For DataWorks Basic Edition, Standard Edition, and Professional Edition, we recommend setting "qps.limit" to 5. For Enterprise Edition, we recommend setting "qps.limit" to 20.
Note: Avoid running multiple import tools at the same time.
2.6. DataWorks node type ID settings
In DataWorks, some node types are assigned different TypeIds in different regions. The specific TypeID is determined by the Data Development interface in DataWorks. This characteristic mainly applies to database nodes.

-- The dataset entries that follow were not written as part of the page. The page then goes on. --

section \<open>Partial derivatives and homogeneous forms\<close>

abbreviation partial :: "nat \<Rightarrow> cpoly \<Rightarrow> cpoly" where
  "partial i f \<equiv> act (Var i) f"

definition unit_mono :: "nat \<Rightarrow> mono" where
  "unit_mono i = Poly_Mapping.single i 1"

lemma lookup_unit_mono: "Poly_Mapping.lookup (unit_mono i) k = (if k = i then 1 else 0)"
  by (simp add: unit_mono_def lookup_single when_def)

lemma Var_unit_mono: "Var i = Poly_Mapping.single (unit_mono i) 1"
  by (simp add: Var_def unit_mono_def)

lemma unit_mono_add_diff:
  "Poly_Mapping.lookup a i \<noteq> 0 \<Longrightarrow> unit_mono i + (a - unit_mono i) = a"
  by (rule poly_mapping_eqI) (auto simp: lookup_minus_mono lookup_add lookup_unit_mono)

lemma partial_single:
  "partial i (Poly_Mapping.single a 1) =
     Poly_Mapping.single (a - unit_mono i) (of_nat (Poly_Mapping.lookup a i))"
proof (cases "Poly_Mapping.lookup a i = 0")
  case True
  then have "\<not> mdvd (unit_mono i) a" by (auto simp: mdvd_def lookup_unit_mono split: if_splits)
  then show ?thesis using True by (simp add: Var_unit_mono act_single_single mono_act_def)
next
  case False
  then have dvd: "mdvd (unit_mono i) a" by (auto simp: mdvd_def lookup_unit_mono)
  have "i \<in> Poly_Mapping.keys a" using False by (simp add: in_keys_iff)
  moreover have "dcoef a (unit_mono i) =
      (\<Prod>k\<in>Poly_Mapping.keys a. if k = i then of_nat (Poly_Mapping.lookup a i) else 1)"
    unfolding dcoef_def
    by (rule prod.cong[OF refl])
       (use False in \<open>auto simp: lookup_unit_mono fact_reduce[of "Poly_Mapping.lookup a i"]\<close>)
  ultimately have "dcoef a (unit_mono i) = of_nat (Poly_Mapping.lookup a i)" by simp
  then show ?thesis using dvd by (simp add: Var_unit_mono act_single_single mono_act_def)
qed

lemma partial_mult_single:
  "partial i (Poly_Mapping.single a 1 * Poly_Mapping.single c 1) =
     partial i (Poly_Mapping.single a 1) * Poly_Mapping.single c 1
     + Poly_Mapping.single a 1 * partial i (Poly_Mapping.single c 1)"
proof -
  have shift: "Poly_Mapping.single (x - unit_mono i + y) (of_nat (Poly_Mapping.lookup x i)) =
      Poly_Mapping.single (x + y - unit_mono i) (of_nat (Poly_Mapping.lookup x i) :: complex)"
    for x y :: mono
  proof (cases "Poly_Mapping.lookup x i = 0")
    case False
    have "x - unit_mono i + y = x + y - unit_mono i"
      by (rule poly_mapping_eqI)
         (use False in \<open>auto simp: lookup_minus_mono lookup_add lookup_unit_mono\<close>)
    then show ?thesis by simp
  qed simp
  have "partial i (Poly_Mapping.single a 1 * Poly_Mapping.single c 1) =
      Poly_Mapping.single (a + c - unit_mono i)
        (of_nat (Poly_Mapping.lookup a i) + of_nat (Poly_Mapping.lookup c i))"
    by (simp add: mult_single partial_single lookup_add)
  also have "\<dots> = Poly_Mapping.single (a - unit_mono i + c) (of_nat (Poly_Mapping.lookup a i))
      + Poly_Mapping.single (c - unit_mono i + a) (of_nat (Poly_Mapping.lookup c i))"
    by (simp only: shift[of a c] shift[of c a] single_add add.commute[of c a])
  also have "\<dots> = partial i (Poly_Mapping.single a 1) * Poly_Mapping.single c 1
      + Poly_Mapping.single a 1 * partial i (Poly_Mapping.single c 1)"
    by (simp add: mult_single partial_single add.commute)
  finally show ?thesis .
qed

lemma partial_mult: "partial i (f * g) = partial i f * g + f * partial i g"
proof -
  let ?s = "\<lambda>a. Poly_Mapping.single a (1 :: complex)"
  have mono: "partial i (?s a * g) = partial i (?s a) * g + ?s a * partial i g" for a
    by (rule cpoly_linear_eqI[where F="\<lambda>g. partial i (?s a * g)"
          and G="\<lambda>g. partial i (?s a) * g + ?s a * partial i g"])
       (auto simp: cpoly_linear_def partial_mult_single distrib_left act_add_right act_Const_right
                   mult.left_commute)
  show ?thesis
    by (rule cpoly_linear_eqI[where F="\<lambda>f. partial i (f * g)"
          and G="\<lambda>f. partial i f * g + f * partial i g"])
       (simp_all add: cpoly_linear_def mono distrib_right distrib_left act_add_right act_Const_right
                      mult.assoc)
qed

lemma partial_Var: "partial i (Var j) = of_bool (i = j)"
proof -
  have "Var j = Poly_Mapping.single (unit_mono j) 1" by (rule Var_unit_mono)
  then show ?thesis by (simp add: partial_single lookup_unit_mono)
qed

lemma partial_Const: "partial i (Const c) = 0"
proof -
  have "partial i (Poly_Mapping.single 0 1) = 0"
    by (simp only: partial_single) simp
  moreover have "Const c = Const c * Poly_Mapping.single 0 1"
    by (simp add: Const_mult_single Const_def)
  ultimately show ?thesis by (metis act_Const_right mult_zero_right)
qed

lemma partial_numeral [simp]: "partial i (numeral n) = 0"
  using partial_Const[of i "numeral n"] by (simp add: Const_numeral)

lemma mdeg_superset:
  "finite S \<Longrightarrow> Poly_Mapping.keys m \<subseteq> S \<Longrightarrow> mdeg m = (\<Sum>k\<in>S. Poly_Mapping.lookup m k)"
  unfolding mdeg_def by (rule sum.mono_neutral_left) (auto simp: in_keys_iff)

lemma mdeg_add: "mdeg (x + y) = mdeg x + mdeg y"
proof -
  let ?S = "Poly_Mapping.keys x \<union> Poly_Mapping.keys y"
  have "Poly_Mapping.keys (x + y) \<subseteq> ?S" by (rule keys_add)
  then show ?thesis by (simp add: mdeg_superset[of ?S] lookup_add sum.distrib)
qed

lemma mdeg_unit_mono: "mdeg (unit_mono i) = 1" by (simp add: mdeg_def unit_mono_def)

lemma mdeg_eq_0_iff: "mdeg m = 0 \<longleftrightarrow> m = 0"
proof
  assume "mdeg m = 0"
  then have "\<forall>k\<in>Poly_Mapping.keys m. Poly_Mapping.lookup m k = 0" unfolding mdeg_def by simp
  then show "m = 0" by (metis in_keys_iff lookup_zero poly_mapping_eqI)
qed (simp add: mdeg_def)

lemma Forms_iff:
  "f \<in> Forms d \<longleftrightarrow>
     (\<forall>m. Poly_Mapping.lookup f m \<noteq> 0 \<longrightarrow> Poly_Mapping.keys m \<subseteq> {0..<4} \<and> mdeg m = d)"
  by (auto simp: Forms_def in_keys_iff)

lemma Forms_0 [simp]: "0 \<in> Forms d" by (simp add: Forms_def)

lemma Forms_add: "f \<in> Forms d \<Longrightarrow> g \<in> Forms d \<Longrightarrow> f + g \<in> Forms d"
  using keys_add[of f g] by (auto simp: Forms_def)

lemma Forms_Const_mult: "f \<in> Forms d \<Longrightarrow> Const c * f \<in> Forms d"
  by (auto simp: Forms_iff lookup_Const_mult)

lemma Forms_uminus: "f \<in> Forms d \<Longrightarrow> - f \<in> Forms d"
  by (auto simp: Forms_iff)

lemma Forms_diff: "f \<in> Forms d \<Longrightarrow> g \<in> Forms d \<Longrightarrow> f - g \<in> Forms d"
  by (metis Forms_add Forms_uminus diff_conv_add_uminus)

lemma Forms_sum: "(\<And>x. x \<in> X \<Longrightarrow> F x \<in> Forms d) \<Longrightarrow> (\<Sum>x\<in>X. F x) \<in> Forms d"
  by (induction X rule: infinite_finite_induct) (auto simp: Forms_add)

lemma Forms_single:
  "Poly_Mapping.keys m \<subseteq> {0..<4} \<Longrightarrow> mdeg m = d \<Longrightarrow> Poly_Mapping.single m c \<in> Forms d"
  by (auto simp: Forms_iff lookup_single when_def)

lemma Forms_Var: "i < 4 \<Longrightarrow> Var i \<in> Forms 1"
  unfolding Var_def by (rule Forms_single) (auto simp: mdeg_def)

lemma Forms_mult:
  assumes "f \<in> Forms d" "g \<in> Forms e"
  shows "f * g \<in> Forms (d + e)"
  unfolding Forms_def mem_Collect_eq
proof
  fix m assume "m \<in> Poly_Mapping.keys (f * g)"
  then obtain a b where ab: "m = a + b" "a \<in> Poly_Mapping.keys f" "b \<in> Poly_Mapping.keys g"
    using keys_mult by blast
  then have "Poly_Mapping.keys a \<subseteq> {0..<4}" "mdeg a = d" "Poly_Mapping.keys b \<subseteq> {0..<4}" "mdeg b = e"
    using assms by (auto simp: Forms_def)
  then show "Poly_Mapping.keys m \<subseteq> {0..<4} \<and> mdeg m = d + e"
    using ab(1) keys_add[of a b] by (auto simp: mdeg_add)
qed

For more information, see Database nodes.
For example, the NodeTypeId for a MySQL node is 1000039 in the Hangzhou region and 1000041 in the Shenzhen region.
To adapt to these regional differences in DataWorks, the tool provides a configurable method to set the node TypeId table used by the tool.
The table is imported using a configuration item in the import tool:
"conf": {
"dataworks.node.type.xls": "/Software/bwm-client/conf/CodeProgramType.xls" // Path of the DataWorks node type table
}To obtain a node type ID from the DataWorks Data Development interface, create a new workflow, add a new node to the workflow, save it, and then view the workflow's Spec.
If the node type is configured incorrectly, the following error is reported when the workflow is published.
3. Run the DataWorks import tool
The import tool is called from the command line. The command is as follows:
sh ./bin/run.sh write \
-c ./conf/<your_config_file>.json \
-f ./data/2_ConverterOutput/<conversion_output_package>.zip \
-o ./data/4_WriterOutput/<import_result_package>.zip \
-t dw-newide-writerIn the command, -c is the path of the configuration file, -f is the storage path of the ConverterOutput package, -o is the storage path of the WriterOutput package, and -t is the name of the submission plugin.
For example, to import Project A into DataWorks:
sh ./bin/run.sh write \
-c ./conf/projectA_write.json \
-f ./data/2_ConverterOutput/projectA_ConverterOutput.zip \
-o ./data/4_WriterOutput/projectA_WriterOutput.zip \
-t dw-newide-writerThe import tool prints process information during runtime. Check for any errors during the process. After the import is complete, statistics on successful and failed imports are printed in the command line. Note that the failure of some nodes to import does not stop the overall import process. If a small number of nodes fail to import, you can modify them manually in DataWorks.
4. View the import results
After the import is complete, you can view the results in DataWorks. You can also monitor the workflow import process. If you find a problem and need to stop the import, run the jps command to find BwmClientApp and then run kill -9 to terminate the process.
5. Q&A
5.1. The source is under continuous development. How are these increments and changes submitted to DataWorks?
The migration tool operates in overwrite mode. You can rerun the export, conversion, and import processes to submit incremental changes from the source to DataWorks. Note that the tool matches workflows by their full path to decide whether to create or update them. To ensure changes are migrated correctly, do not move the workflows.
5.2. The source is under continuous development, and workflows in DataWorks are being transformed and governed. Will incremental migration overwrite the changes in DataWorks?
Yes, it will. The migration tool operates in overwrite mode. We recommend that you perform subsequent transformations in DataWorks only after the migration is complete. Alternatively, you can use a phased migration approach. After a batch of workflows is migrated and you confirm they will not be overwritten again, you can start transforming them in DataWorks. Different batches do not affect each other.
5.3. The entire package takes too long to import. Can I import only a part of it?
Yes, you can. You can manually trim the package to perform a partial import. In the data/project/workflow folder, keep the workflows you want to import and delete the others. Then, recompress the folder into a package and run the import tool. Note that workflows with mutual dependencies must be imported together. Otherwise, the node lineage between them will be lost.